Cresson has taken a beating since she was named France’s first woman prime minister in May. According to one poll, only 50 percent have faith in her–down a precipitous 15 percentage points since June. Far from infusing what Mitterrand hoped would be a “new elan” into the Socialist government, Madame le Premier Ministre is looking like a liability. Last week Cresson excoriated her critics, and began trying to project a more take-charge tone.
Cresson can’t be blamed for all of her problems. A gaping deficit in the health system, for instance, forced her to increase social-security taxes last month. But the new prime minister’s style hasn’t helped. Her first speech to Parliament was stultifyingly dull, and she quickly began squabbling with her ministers. Several outrageous comments made by Cresson before she took office–and widely published since–have created an unstatesmanlike impression. (Among them, a gibe at the sexual inhibitions of American and English men and characterizing the Japanese as “ants.”) Some snipers dismiss her appointment as more a gimmick than a sign of true change: Cresson’s cabinet is strikingly similar to that of her predecessor, Michel Rocard.
But Cresson herself discerns a hefty element of simple sexism. Formerly the minister responsible for agriculture (and later, for industry, foreign trade and European affairs), Cresson compares her reception as P.M. to the sometimes violent hazing she received from French farmers. “All women who have leadership positions will understand me,” she told a reporter, “because to varying degrees they, too, have all suffered this kind of denigration.”
Many women–not all of them Socialists–have sprung to Cresson’s defense. Francoise Giroud, a former center-right cabinet minister, recently compared the spectacle of the opposition baiting Cresson in the National Assembly to “monkeys exposing their genitals.” “It’s not even misogyny anymore–it’s obscenity,” Giroud charged. Startled, several members of Parliament responded that Cresson has not endured more tirades insults, desk-thumping, hoots and paper airplanes than many male prime ministers.
The “Bebete Show” indirectly plays on a widely believed but unsubstantiated rumor that Cresson and Mitterrand are ex-lovers. The program, says Michele Barzach, a former health minister, “has never been so horrible to anyone before [Cresson]; but this attitude–hat women who succeed at the top level in politics must have done so through seduction–s so pervasive among men that they dismiss the reaction of many women to the show as hysterical and paranoid.” Barzach predicts that a daily dose of Amabotte will be “fatal” to Cresson’s image. Pleading innocent to sexism, the “Bebete Show’s” creator, Jean Roucas, last week accused Cresson of “lacking humor.” “The derisory aspect of Amabotte comes from the fact that she’s Mitterrand’s [creature], not the fact that she’s a woman,” Roucas says mildly.
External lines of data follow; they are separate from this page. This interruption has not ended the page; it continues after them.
text \<open>Put \<open>s = x\<^sub>1 + \<dots> + x\<^sub>n\<close> and \<open>k = r + d\<close>; let \<open>c\<^sub>\<beta>\<close> be the coefficients of \<open>s\<^sup>r p\<close> and
  \<open>m\<^sub>\<beta>\<close> those of \<open>s\<^sup>k\<close>, which are positive exactly on the monomials of degree \<open>k\<close>. Since
  \<open>s\<^sup>r (p - \<lambda> s\<^sup>d) = s\<^sup>r p - \<lambda> s\<^sup>k\<close>, Polya's condition on \<open>\<lambda>\<close> says \<open>\<lambda> \<le> c\<^sub>\<beta> / m\<^sub>\<beta>\<close> for all such
  \<open>\<beta>\<close>, so the Polya bound is the minimum \<open>\<mu>\<close> of these ratios. A feasible \<open>L\<close> is invariant under
  multiplication by \<open>s\<close> up to degree \<open>k\<close>, hence \<open>L(p) - \<lambda> = L(s\<^sup>r p - \<lambda> s\<^sup>k)\<close>, which is \<open>\<ge> 0\<close>
  because \<open>L\<close> is nonnegative on monomials; so \<open>L(p) \<ge> \<mu>\<close>. Equality is attained by the
  functional that lifts \<open>x\<^sup>\<alpha>\<close> to the degree-\<open>k\<close> form \<open>x\<^sup>\<alpha> s\<^sup>k\<^sup>-\<^sup>|\<^sup>\<alpha>\<^sup>|\<close> and returns its
  coefficient at a minimizing \<open>\<beta>\<close>, divided by \<open>m\<^sub>\<beta>\<close>.\<close>

abbreviation monom :: "(nat \<Rightarrow>\<^sub>0 nat) \<Rightarrow> mpoly" where
  "monom \<alpha> \<equiv> Poly_Mapping.single \<alpha> 1"
(* For an integer $d\geqslant 0$ and a real $x>0$, let $K_d(x)$ be the largest integer $k$ such that $(k-d)k\leqslant dx$; equivalently $K_d(x)=\lfloor (d+\sqrt{d^2+4dx})/2\rfloor$. Then for integers $d$ and reals $x$ with $0\leqslant d\leqslant x$ and $x\geqslant 1$, $$\sum_{K_{d}(x)<k\leqslant K_{d+1}(x)}k^2=\frac{(d+1)\sqrt{d+1}-d\sqrt{d}}{3}\,x^{3/2}+O\bigl((d+1)x\bigr),$$ the sum being over integers $k$, with an absolute implied constant.
   Context: $\lfloor t\rfloor$ denotes the integer part of the real number $t$. *)

theory Defs
  imports Complex_Main
begin

definition K :: "nat \<Rightarrow> real \<Rightarrow> int" where
  "K d x = (GREATEST k::int. (real_of_int k - real d) * real_of_int k \<le> real d * x)"

end

theory Submission
  imports Defs
begin

text \<open>
  \<open>K\<^sub>d(x)\<close> is the integer part of \<open>r(d) = K_root d x\<close>, the larger root of \<open>k\<^sup>2 - d k - d x\<close>, so the
  sum telescopes into \<open>P(\<lfloor>r(d+1)\<rfloor>) - P(\<lfloor>r(d)\<rfloor>)\<close> for the square pyramidal numbers
  \<open>P(n) = n\<^sup>3/3 + O(n\<^sup>2)\<close>. Since \<open>r(t)\<^sup>2 \<le> 4 t x\<close>, replacing \<open>P(\<lfloor>r\<rfloor>)\<close> by \<open>r\<^sup>3/3\<close> costs \<open>O((d+1) x)\<close>.
  The main term comes from the mean value theorem applied to \<open>G(t) = r(t)\<^sup>3 - (t x)^(3/2)\<close> on
  \<open>[d, d+1]\<close>: in the variables \<open>u = \<surd>t\<close>, \<open>v = \<surd>x\<close>, \<open>w = \<surd>(t + 4x)\<close> one has
  \<open>G' = u (3 (u+w)\<^sup>4 - 24 w v\<^sup>3) / (16 w)\<close>, and \<open>w - 2v = u\<^sup>2/(w + 2v)\<close> shows that this is
  \<open>O(t x)\<close> as long as \<open>t \<le> 4x\<close>.
\<close>

definition K_root :: "real \<Rightarrow> real \<Rightarrow> real" where
  "K_root t x = (t + sqrt (t\<^sup>2 + 4 * t * x)) / 2"

lemma K_root_squared:
  assumes "0 \<le> t" "0 \<le> x"
  shows "(K_root t x)\<^sup>2 = t * K_root t x + t * x"
proof -
  have "(sqrt (t\<^sup>2 + 4 * t * x))\<^sup>2 = t\<^sup>2 + 4 * t * x"
    using assms by simp
  then show ?thesis
    by (simp add: K_root_def power2_eq_square algebra_simps)
qed
lemma run_ws_catches_up:
  assumes run: "is_run n t w v0 r ev" and "i \<noteq> j" and i: "i \<in> {1..n}" and j: "j \<in> {1..n}"
    and "correct r i" "correct r j"
  shows "\<exists>K. ws (lst (r k) i) i \<le> ws (lst (r K) i) j"
proof (rule ccontr)
  define x where "x = ws (lst (r k) i) i"
  assume "\<not> ?thesis"
  then have below: "ws (lst (r m) i) j < x" for m by (simp add: x_def not_le)
  have fair: "fair n t w r" using run by (simp add: is_run_def)
  have inv: "chan_inv (chan (r m) i j)" "chan_inv (chan (r m) j i)" for m
    using run_chan_inv[OF run \<open>i \<noteq> j\<close> i j] assms(5,6) by auto
  have trans: "chan_trans m (chan (r m) i j) (chan (r (Suc m)) i j)"
    "chan_trans m (chan (r m) j i) (chan (r (Suc m)) j i)" for m
    using run_chan_trans[OF run] assms by (metis, metis)
  obtain K1 a where a: "\<forall>m\<ge>K1. ws (lst (r m) i) j = a"
    using run_ws_eventually_const[OF run, of i j x] below by (metis less_imp_le)
  have "ws (lst (r m) j) i \<le> x" for m
  proof -
    have "ws (lst (r m) j) i \<le> sent (chan (r m) i j)"
      using inv(1)[of m] by (simp add: chan_inv_def)
    also have "\<dots> \<le> ws (lst (r m) i) j + 1" by (simp add: sent_to_def)
    finally show ?thesis using below[of m] by simp
  qed
  then obtain K2 b where b: "\<forall>m\<ge>K2. ws (lst (r m) j) i = b"
    using run_ws_eventually_const[OF run] by metis
  define K where "K = max k (max K1 K2)"
  have "sent (chan (r K) j i) = a"
    using sent_eq_stable_delivered[OF fair i \<open>correct r i\<close> trans(2) inv(2), of K1 a K] a
    by (simp add: K_def)
  moreover have "sent (chan (r K) i j) = b"
    using sent_eq_stable_delivered[OF fair j \<open>correct r j\<close> trans(1) inv(1), of K2 b K] b
    by (simp add: K_def)
  moreover have "a < x" "x \<le> ws (lst (r K) i) i" "ws (lst (r K) i) j = a" "ws (lst (r K) j) i = b"
    using below[of K] a b run_ws_mono[OF run, of k K i i] by (auto simp: K_def x_def)
  moreover have "ws (lst (r K) j) i \<le> ws (lst (r K) j) j" using run_ws_le_own[OF run] .
  ultimately show False by (simp add: sent_to_def)
qed

theorem lemma6:
  fixes n t w :: nat and v0 :: 'v and r :: "nat \<Rightarrow> 'v cfg" and ev :: "nat \<Rightarrow> 'v event"
  assumes "2 * t < n"
    and "w \<in> {1..n}"
    and "is_run n t w v0 r ev"
    and "card {p \<in> {1..n}. \<not> correct r p} \<le> t"
    and "i \<in> {1..n}" and "j \<in> {1..n}"
    and "correct r i" and "correct r j"
    and "ws (lst (r k) i) i = x"
  shows "\<exists>k'. \<forall>k''\<ge>k'. ws (lst (r k'') i) j \<ge> x"
proof -
  obtain K where "x \<le> ws (lst (r K) i) j"
  proof (cases "i = j")
    case True
    then show ?thesis using that assms(9) by blast
  next
    case False
    then show ?thesis using that run_ws_catches_up[OF assms(3) False assms(5-8)] assms(9) by blast
  qed
  then show ?thesis using run_ws_mono[OF assms(3)] order_trans by blast
qed

end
Cresson has made a point of helping other women politicians. Her cabinet includes Martine Aubry, the hardheaded new minister for labor, and Elisabeth Guigou, minister for European affairs–whose steely grasp of technical details and pouting lips once led one weekly to liken her briefings to “Kim Basinger explaining details of European fiscal policy.” But their hopes for future progress may well be pinned to Cresson’s skirts. Last month, right-winger Charles Pasqua, who dismisses Cresson as “zero, extra-extra-zero,” predicted that Cresson’s “failure will penalize women [politicians] for a long time.”
Cresson almost bit Pasqua’s head off for that one. And she has vowed to fight her other enemies, barb for barb. According to the investigative weekly Le Canard Enchaine, she recently raged to aides, “What they want is a male. Well, I’ll make like a male. They want me to shout. I’ll shout.” But if Cresson thinks this will end her image problem, she hasn’t been reading the TV page. This fall, the “Bebete Show” plans to change her puppet persona from servile and flighty. La nouvelle Cresson: shrewish and authoritarian.